Over that same time, only one other pitcher (CC Sabathia, 22.5) posted a WAR above 20.0 while residing in the Americna League East. No other pitcher had an ERA that low (in at least 700 innings pitched – meaning roughly half the workload of Lester and Price) while a member of baseball’s toughest division. What Price and Lester accomplished over a lengthy period thus separated them.
|Jon Lester||Red Sox||1375||99-61||3.53||28.2|
|David Price||Rays, Blue Jays||1218||91-48||3.13||22.7|
|Clay Buchholz||Red Sox||1005.1||70-50||3.90||14.6|
|Josh Beckett||Red Sox||834.2||53-40||4.17||13.5|
|Ricky Romero||Blue Jays||801.1||51-45||4.16||9.9|
|A.J. Burnett||Blue Jays, Yankees||805.1||52-45||4.59||6.8|
|John Lackey||Red Sox||701.2||47-43||4.46||4|
“I’m definitely very comfortable in the AL East,” said Price. “It’s not the ideal ballparks you want to pitch in – I completely understand that. I remember talking about that in 2010 or 2011, earlier in my career, when the AL East was extremely, extremely tough with all the lineups you had to face. I felt like that helped prepare me for everything else. You don’t have that start where you’re like, ‘Thank God I’m facing these guys this week.’ That doesn’t happen. You have to make sure you stay on your game every five days. As tough as it was, it was definitely a blessing early in my career.”

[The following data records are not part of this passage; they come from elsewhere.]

lemma rtranclp_iff_successively:
  "r\<^sup>*\<^sup>* x y \<longleftrightarrow> (\<exists>xs. xs \<noteq> [] \<and> hd xs = x \<and> last xs = y \<and> successively r xs)"
proof
  show "r\<^sup>*\<^sup>* x y \<Longrightarrow> \<exists>xs. xs \<noteq> [] \<and> hd xs = x \<and> last xs = y \<and> successively r xs"
  proof (induction rule: converse_rtranclp_induct)
    case base
    show ?case by (intro exI[of _ "[y]"]) simp
  next
    case (step x z)
    then obtain xs where "xs \<noteq> []" "hd xs = z" "last xs = y" "successively r xs" by blast
    with step.hyps(1) show ?case by (intro exI[of _ "x # xs"]) (simp add: successively_Cons)
  qed
  have "successively r xs \<Longrightarrow> xs \<noteq> [] \<Longrightarrow> r\<^sup>*\<^sup>* (hd xs) (last xs)" for xs
    by (induction xs) (auto simp: successively_Cons intro: converse_rtranclp_into_rtranclp)
  then show "\<exists>xs. xs \<noteq> [] \<and> hd xs = x \<and> last xs = y \<and> successively r xs \<Longrightarrow> r\<^sup>*\<^sup>* x y"
    by fastforce
qed

definition chain_step ::
  "('n \<Rightarrow> int) set \<Rightarrow> (('n \<Rightarrow> int) \<Rightarrow> nat) \<Rightarrow> nat \<Rightarrow>
    (('n \<Rightarrow> int) \<Rightarrow>\<^sub>0 nat) \<Rightarrow> (('n \<Rightarrow> int) \<Rightarrow>\<^sub>0 nat) \<Rightarrow> bool" where
  "chain_step S deg d \<alpha> \<gamma> \<longleftrightarrow>
     is_fact S \<alpha> \<and> is_fact S \<gamma> \<and> atom_pow \<alpha> = atom_pow \<gamma> \<and> d_gr deg \<alpha> \<gamma> \<le> d"

lemma chain_step_sym: "chain_step S deg d \<alpha> \<gamma> \<Longrightarrow> chain_step S deg d \<gamma> \<alpha>"
  unfolding chain_step_def d_gr_def by (simp add: max.commute)

lemma chain_step_add_left:
  "chain_step S deg d \<alpha> \<gamma> \<Longrightarrow> is_fact S \<delta> \<Longrightarrow> chain_step S deg d (\<delta> + \<alpha>) (\<delta> + \<gamma>)"
  unfolding chain_step_def
  by (simp add: is_fact_add atom_pow_add add.commute[of \<delta>] d_gr_add_right)
lemma pfaffian_last_column:
  fixes A :: "nat \<Rightarrow> nat \<Rightarrow> 'a::comm_ring_1"
  assumes "even k"
  shows "pfaffian (k+2) A = (\<Sum>i<k+1. (-1)^i * A i (k+1) * pfaffian k (delete_rc i A))"
proof -
  obtain h where "k = 2*h" using assms by blast
  moreover have "pfaffian (2*h+2) B
      = (\<Sum>i<2*h+1. (-1)^i * B i (2*h+1) * pfaffian (2*h) (delete_rc i B))" for B :: "nat \<Rightarrow> nat \<Rightarrow> 'a"
  proof (induction h arbitrary: B)
    case 0
    show ?case using pfaffian_first_row[of 0 B] by (simp add: pfaffian_0)
  next
    case (Suc h)
    have "pfaffian (2*h+2+2) B
        = (\<Sum>i<2*h+2+1. (-1)^i * B i (2*h+2+1) * pfaffian (2*h+2) (delete_rc i B))"
      by (rule pfaffian_last_column_step) (use Suc.IH in simp_all)
    then show ?case by (simp add: algebra_simps)
  qed
  ultimately show ?thesis by simp
qed

lemma pfaffian_2: "pfaffian 2 A = A 0 1"
  using pfaffian_last_column[of 0 A] by (simp add: pfaffian_0 numeral_2_eq_2)
lemma alt_sum_D_affine:
  assumes "Suc k \<le> n - 1"
  shows "(\<Sum>i=1..Suc k. (-1::real) ^ (i - 1) * real (D i) * (c + psum i * l))
     = real (d 1) * (c + psum 1 * l) - (if even k then 0 else l)
       + (-1) ^ k * real (d (Suc (Suc k))) * (c + psum (Suc k) * l)"
  using assms
proof (induction k)
  case 0
  then show ?case unfolding D_def by (simp add: algebra_simps)
next
  case (Suc k)
  have "d (Suc (Suc k)) \<ge> 2" using Suc.prems by (intro d_ge_2) auto
  then have pos: "real (d (Suc (Suc k))) > 0" by simp
  have "(\<Sum>i=1..Suc (Suc k). (-1::real) ^ (i - 1) * real (D i) * (c + psum i * l))
      = (\<Sum>i=1..Suc k. (-1::real) ^ (i - 1) * real (D i) * (c + psum i * l))
        + (-1) ^ Suc k * real (D (Suc (Suc k))) * (c + psum (Suc (Suc k)) * l)"
    by simp
  also have "(\<Sum>i=1..Suc k. (-1::real) ^ (i - 1) * real (D i) * (c + psum i * l))
      = real (d 1) * (c + psum 1 * l) - (if even k then 0 else l)
        + (-1) ^ k * real (d (Suc (Suc k))) * (c + psum (Suc k) * l)"
    using Suc by simp
  finally show ?case
    using pos by (cases "even k") (simp_all add: D_def psum_Suc[of "Suc k"] field_simps)
qed

lemma even_n_minus_1: "even (n - 1)" using n_odd n_ge_3 by simp

lemma sum_expo_D_affine:
  "(\<Sum>i=1..n-1. real_of_int (expo i) * real (D i) * (c + psum i * l))
     = (real (d 1) - real (d n)) * c - real (d n) * \<sigma> * l"
proof -
  obtain k where k: "n - 1 = Suc k" using n_ge_3 by (cases "n - 1") auto
  have "odd k" using n_odd k n_ge_3 by presburger
  moreover have "Suc (Suc k) = n" using k n_ge_3 by simp
  moreover have "real (d 1) * psum 1 = 1" unfolding psum_def using d_first_ge_2 by simp
  ultimately show ?thesis unfolding of_int_expo k using alt_sum_D_affine[of k c l] k
    by (simp add: \<sigma>_def algebra_simps)
qed
lemma AE_cond_measureI:
  assumes "emeasure M C \<noteq> 0" "C \<in> sets M" "AE x in M. x \<in> C \<longrightarrow> P x"
  shows "AE x in cond_measure M C. P x"
  unfolding cond_measure_def using assms(1) AE_uniform_measureI[OF assms(2,3)] by simp

section \<open>Resampling coordinates within their cells\<close>

definition resample ::
    "('j::finite \<Rightarrow> 'a::euclidean_space measure) \<Rightarrow> ('a \<Rightarrow> 'b) \<Rightarrow> ('j \<Rightarrow> 'b) \<Rightarrow> ('a^'j) measure"
  where "resample M c \<sigma> = distr (PiM UNIV (\<lambda>j. cond_measure (M j) (c -` {\<sigma> j}))) borel vec_lambda"

lemma
  shows sets_resample[simp, measurable_cong]: "sets (resample M c \<sigma>) = sets borel"
    and space_resample[simp]: "space (resample M c \<sigma>) = UNIV"
  by (simp_all add: resample_def)

context
  fixes M :: "'j::finite \<Rightarrow> 'a::euclidean_space measure" and c :: "'a \<Rightarrow> 'b" and S :: "'b set"
  assumes prob_M: "\<And>j. prob_space (M j)" and sets_M: "\<And>j. sets (M j) = sets borel"
    and finite_S: "finite S" and measurable_c: "c \<in> borel \<rightarrow>\<^sub>M count_space S"
begin

lemma sets_partition_cell: "c -` {\<tau>} \<in> sets borel"
  using vimage_singleton_in_sets[OF measurable_c] by simp

lemma measurable_vec_lambda_cond:
  "vec_lambda \<in> PiM UNIV (\<lambda>j. cond_measure (M j) (C j)) \<rightarrow>\<^sub>M borel"
proof -
  have "sets (PiM UNIV (\<lambda>j. cond_measure (M j) (C j))) = sets (PiM UNIV (\<lambda>_. (borel :: 'a measure)))"
    by (rule sets_PiM_cong) (simp_all add: sets_M)
  then show ?thesis using measurable_vec_lambda by (subst measurable_cong_sets[OF _ refl])
qed

lemma prob_space_resample: "prob_space (resample M c \<sigma>)"
  unfolding resample_def using measurable_vec_lambda_cond
  by (intro prob_space.prob_space_distr prob_space_PiM prob_space_cond_measure prob_M)

lemma distr_resample_component:
  "distr (resample M c \<sigma>) borel (\<lambda>d. d $ j) = cond_measure (M j) (c -` {\<sigma> j})"
proof -
  let ?\<Pi> = "PiM UNIV (\<lambda>j. cond_measure (M j) (c -` {\<sigma> j}))"
  have "distr (resample M c \<sigma>) borel (\<lambda>d. d $ j) = distr ?\<Pi> borel (\<lambda>\<omega>. \<omega> j)"
    unfolding resample_def using measurable_vec_lambda_cond
    by (subst distr_distr) (simp_all add: comp_def)
  also have "\<dots> = distr ?\<Pi> (cond_measure (M j) (c -` {\<sigma> j})) (\<lambda>\<omega>. \<omega> j)"
    by (rule distr_cong) (simp_all add: sets_M)
  also have "\<dots> = cond_measure (M j) (c -` {\<sigma> j})"
    by (intro distr_PiM_component prob_space_cond_measure prob_M) simp
  finally show ?thesis .
qed

lemma measurable_resample_kernel:
  "(\<lambda>d::'a^'j. resample M c (\<lambda>j. c (d $ j))) \<in> borel \<rightarrow>\<^sub>M prob_algebra borel"
proof (rule measurable_compose[OF measurable_vec_count_space[OF finite_S measurable_c]])
  show "resample M c \<in> count_space (Pi UNIV (\<lambda>_. S)) \<rightarrow>\<^sub>M prob_algebra borel"
    using prob_space_resample by (auto simp: space_prob_algebra)
qed

lemma AE_resample:
  assumes "\<And>j. emeasure (M j) (c -` {\<sigma> j}) \<noteq> 0"
    and "\<And>j. AE x in M j. x \<in> R j" and "\<And>j. R j \<in> sets borel"
  shows "AE d in resample M c \<sigma>. \<forall>j. d $ j \<in> R j \<and> c (d $ j) = \<sigma> j"
proof -
  have "AE x in M j. x \<in> c -` {\<sigma> j} \<longrightarrow> x \<in> R j \<and> c x = \<sigma> j" for j
    using assms(2)[of j] by eventually_elim auto
  then have "AE x in cond_measure (M j) (c -` {\<sigma> j}). x \<in> R j \<and> c x = \<sigma> j" for j
    using assms(1) sets_partition_cell by (intro AE_cond_measureI) (simp_all add: sets_M)
  then have "AE \<omega> in PiM UNIV (\<lambda>j. cond_measure (M j) (c -` {\<sigma> j})).
      \<forall>j\<in>UNIV. \<omega> j \<in> R j \<and> c (\<omega> j) = \<sigma> j"
    by (intro AE_finite_allI AE_PiM_component prob_space_cond_measure prob_M) auto
  moreover have "(\<lambda>d::'a^'j. d $ j) -` (R j \<inter> c -` {\<sigma> j}) \<in> sets borel" for j
    using measurable_sets[OF measurable_vec_nth, of "R j \<inter> c -` {\<sigma> j}"] sets_partition_cell assms(3)
    by simp
  then have "(\<Inter>j. (\<lambda>d::'a^'j. d $ j) -` (R j \<inter> c -` {\<sigma> j})) \<in> sets borel"
    by (intro sets.finite_INT) auto
  then have "{d::'a^'j. \<forall>j. d $ j \<in> R j \<and> c (d $ j) = \<sigma> j} \<in> sets borel"
    by (simp add: vimage_def Int_def Inter_eq)
  ultimately show ?thesis
    unfolding resample_def by (subst AE_distr_iff[OF measurable_vec_lambda_cond]) auto
qed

In some ways, Price can appreciate Lester’s accomplishments while in Boston over the last several years as much if not more than any other pitcher. And now, he hopes that after following Lester’s path through free agency, he’s able to mirror another marker of the pitcher’s career success.
“I heard it in years prior, and I heard it while I was going through free agency. Boston is one of the toughest places to play and perform, but it’s hands down the best place to win,” said Price. “Lester was a part of championships. That’s something I definitely want to be a part of. I want to be available every fifth day for this team, help this team win, get to the postseason, and be the last team standing.”
If that happens, then perhaps Price will receive another congratulatory text from a pitcher who can relate to him like few others.